Introduction

Falls can have a profound impact on the health and general well-being of older people, increasing the risk of significant injury, hospitalisation and early mortality [1, 2]. Importantly falls can also lead to a decline in functional status and loss of independence and can therefore represent a tipping point in terms of admission to a nursing home [3].

Identification of modifiable risk factors for falls is therefore important to inform preventative strategies.
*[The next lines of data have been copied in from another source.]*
lemma B_lifts_subgroup: "subgroup B_lifts G"
proof (rule subgroupI)
  interpret \<sigma>: group_hom G "Q Mod W" theta_mod_W by (rule theta_mod_W_group_hom)
  interpret \<tau>: group_hom G "Q Mod W" pi_mod_W by (rule pi_mod_W_group_hom)
  show "B_lifts \<subseteq> carrier G" using B_carrier by (auto simp: B_lifts_def)
  have "\<one> \<in> B_lifts"
    using B_lifts_memI[OF subgroup.one_closed[OF B_subgroup] subgroup.one_closed[OF D_subgroup]] by simp
  then show "B_lifts \<noteq> {}" by blast
next
  interpret \<sigma>: group_hom G "Q Mod W" theta_mod_W by (rule theta_mod_W_group_hom)
  interpret \<tau>: group_hom G "Q Mod W" pi_mod_W by (rule pi_mod_W_group_hom)
  fix a b assume "a \<in> B_lifts" "b \<in> B_lifts"
  then obtain d e where a: "a \<in> B" "d \<in> D" "theta_mod_W a = pi_mod_W d"
    and b: "b \<in> B" "e \<in> D" "theta_mod_W b = pi_mod_W e"
    by (auto simp: B_lifts_def)
  have "theta_mod_W (inv a) = pi_mod_W (inv d)" "theta_mod_W (a \<otimes> b) = pi_mod_W (d \<otimes> e)"
    using a b B_carrier D_carrier by simp_all
  then show "inv a \<in> B_lifts" "a \<otimes> b \<in> B_lifts"
    using B_lifts_memI a b B_subgroup D_subgroup subgroup.m_inv_closed subgroup.m_closed by metis+
qed

lemma B_lifts_divisible: "divisible_set G B_lifts"
  unfolding divisible_set_def
proof (intro ballI allI impI)
  interpret \<sigma>: group_hom G "Q Mod W" theta_mod_W by (rule theta_mod_W_group_hom)
  interpret \<tau>: group_hom G "Q Mod W" pi_mod_W by (rule pi_mod_W_group_hom)
  fix b and n :: nat assume "b \<in> B_lifts" "n > 0"
  then obtain d where b: "b \<in> B" and d: "d \<in> D" and bd: "theta_mod_W b = pi_mod_W d"
    by (auto simp: B_lifts_def)
  obtain e where e: "e \<in> D" "e [^] n = d"
    using divisible_D d \<open>n > 0\<close> unfolding divisible_set_def by blast
  obtain b1 where b1: "b1 \<in> B" "pi_mod_W e = theta_mod_W b1"
    using pi_mod_W_covered D_carrier[OF e(1)] by blast
  have "theta_mod_W (b1 [^] n) = theta_mod_W b1 [^]\<^bsub>Q Mod W\<^esub> n"
    using B_carrier[OF b1(1)] by (simp add: \<sigma>.hom_nat_pow)
  also have "\<dots> = pi_mod_W (e [^] n)" using b1(2) D_carrier[OF e(1)] by (simp add: \<tau>.hom_nat_pow)
  finally have "theta_mod_W (b1 [^] n) = theta_mod_W b" using e(2) bd by simp
  moreover have "theta_mod_W (b \<otimes> inv (b1 [^] n))
      = theta_mod_W b \<otimes>\<^bsub>Q Mod W\<^esub> inv\<^bsub>Q Mod W\<^esub> theta_mod_W (b1 [^] n)"
    using B_carrier b b1 by (simp add: \<sigma>.hom_mult \<sigma>.hom_inv del: \<sigma>.hom_nat_pow)
  moreover have "theta_mod_W b \<in> carrier (Q Mod W)" using B_carrier[OF b] by simp
  ultimately have "theta_mod_W (b \<otimes> inv (b1 [^] n)) = \<one>\<^bsub>Q Mod W\<^esub>" by (metis \<sigma>.H.r_inv)
  then have "b \<otimes> inv (b1 [^] n) = \<one>"
    using theta_mod_W_trivial B_subgroup b b1 subgroup_int_pow_closed[of B b1 "int n"]
    by (simp add: int_pow_int subgroup.m_closed subgroup.m_inv_closed)
  then have "b = b1 [^] n" using inv_solve_right[of \<one> b "b1 [^] n"] b b1 B_carrier by simp
  moreover have "b1 \<in> B_lifts" using B_lifts_memI[OF b1(1) e(1)] b1(2) by simp
  ultimately show "\<exists>y\<in>B_lifts. y [^] n = b" by blast
qed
One such important modifiable factor is medication use, particularly psychotropic medications. Antidepressants, benzodiazepines, ‘Z’ drugs, anticholinergic medications and antipsychotics are often essential for the management of psychiatric illness and symptoms including mood disturbance, anxiety, psychosis and insomnia amongst older people [4,5,6,7]. Exposure to centrally acting medications can impair cognitive function, level of alertness and neuromuscular function however and have been implicated in falls in later life [8, 9]. Many psychotropic medications also impair cardiovascular autonomic reflexes, leading to orthostatic hypotension, an important cause of falls amongst older people [10].

Age-related changes in drug metabolism can lead to higher bioavailability, increasing the potential for drug–drug interactions and for adverse effects of medication use [11]. Despite this, use of psychotropic medication amongst older people in the community [12] and in hospital settings [13] is relatively high, including older people with cognitive impairment [14].

Explained falls are those due to slips or trips [15]. About one-third of falls seen in the emergency department are unexplained [16] with no readily apparent cause, conferring a higher likelihood of admission to hospital [17]. Frequent underlying causes of unexplained falls are orthostatic hypotension [18] and cardiac arrhythmia [19].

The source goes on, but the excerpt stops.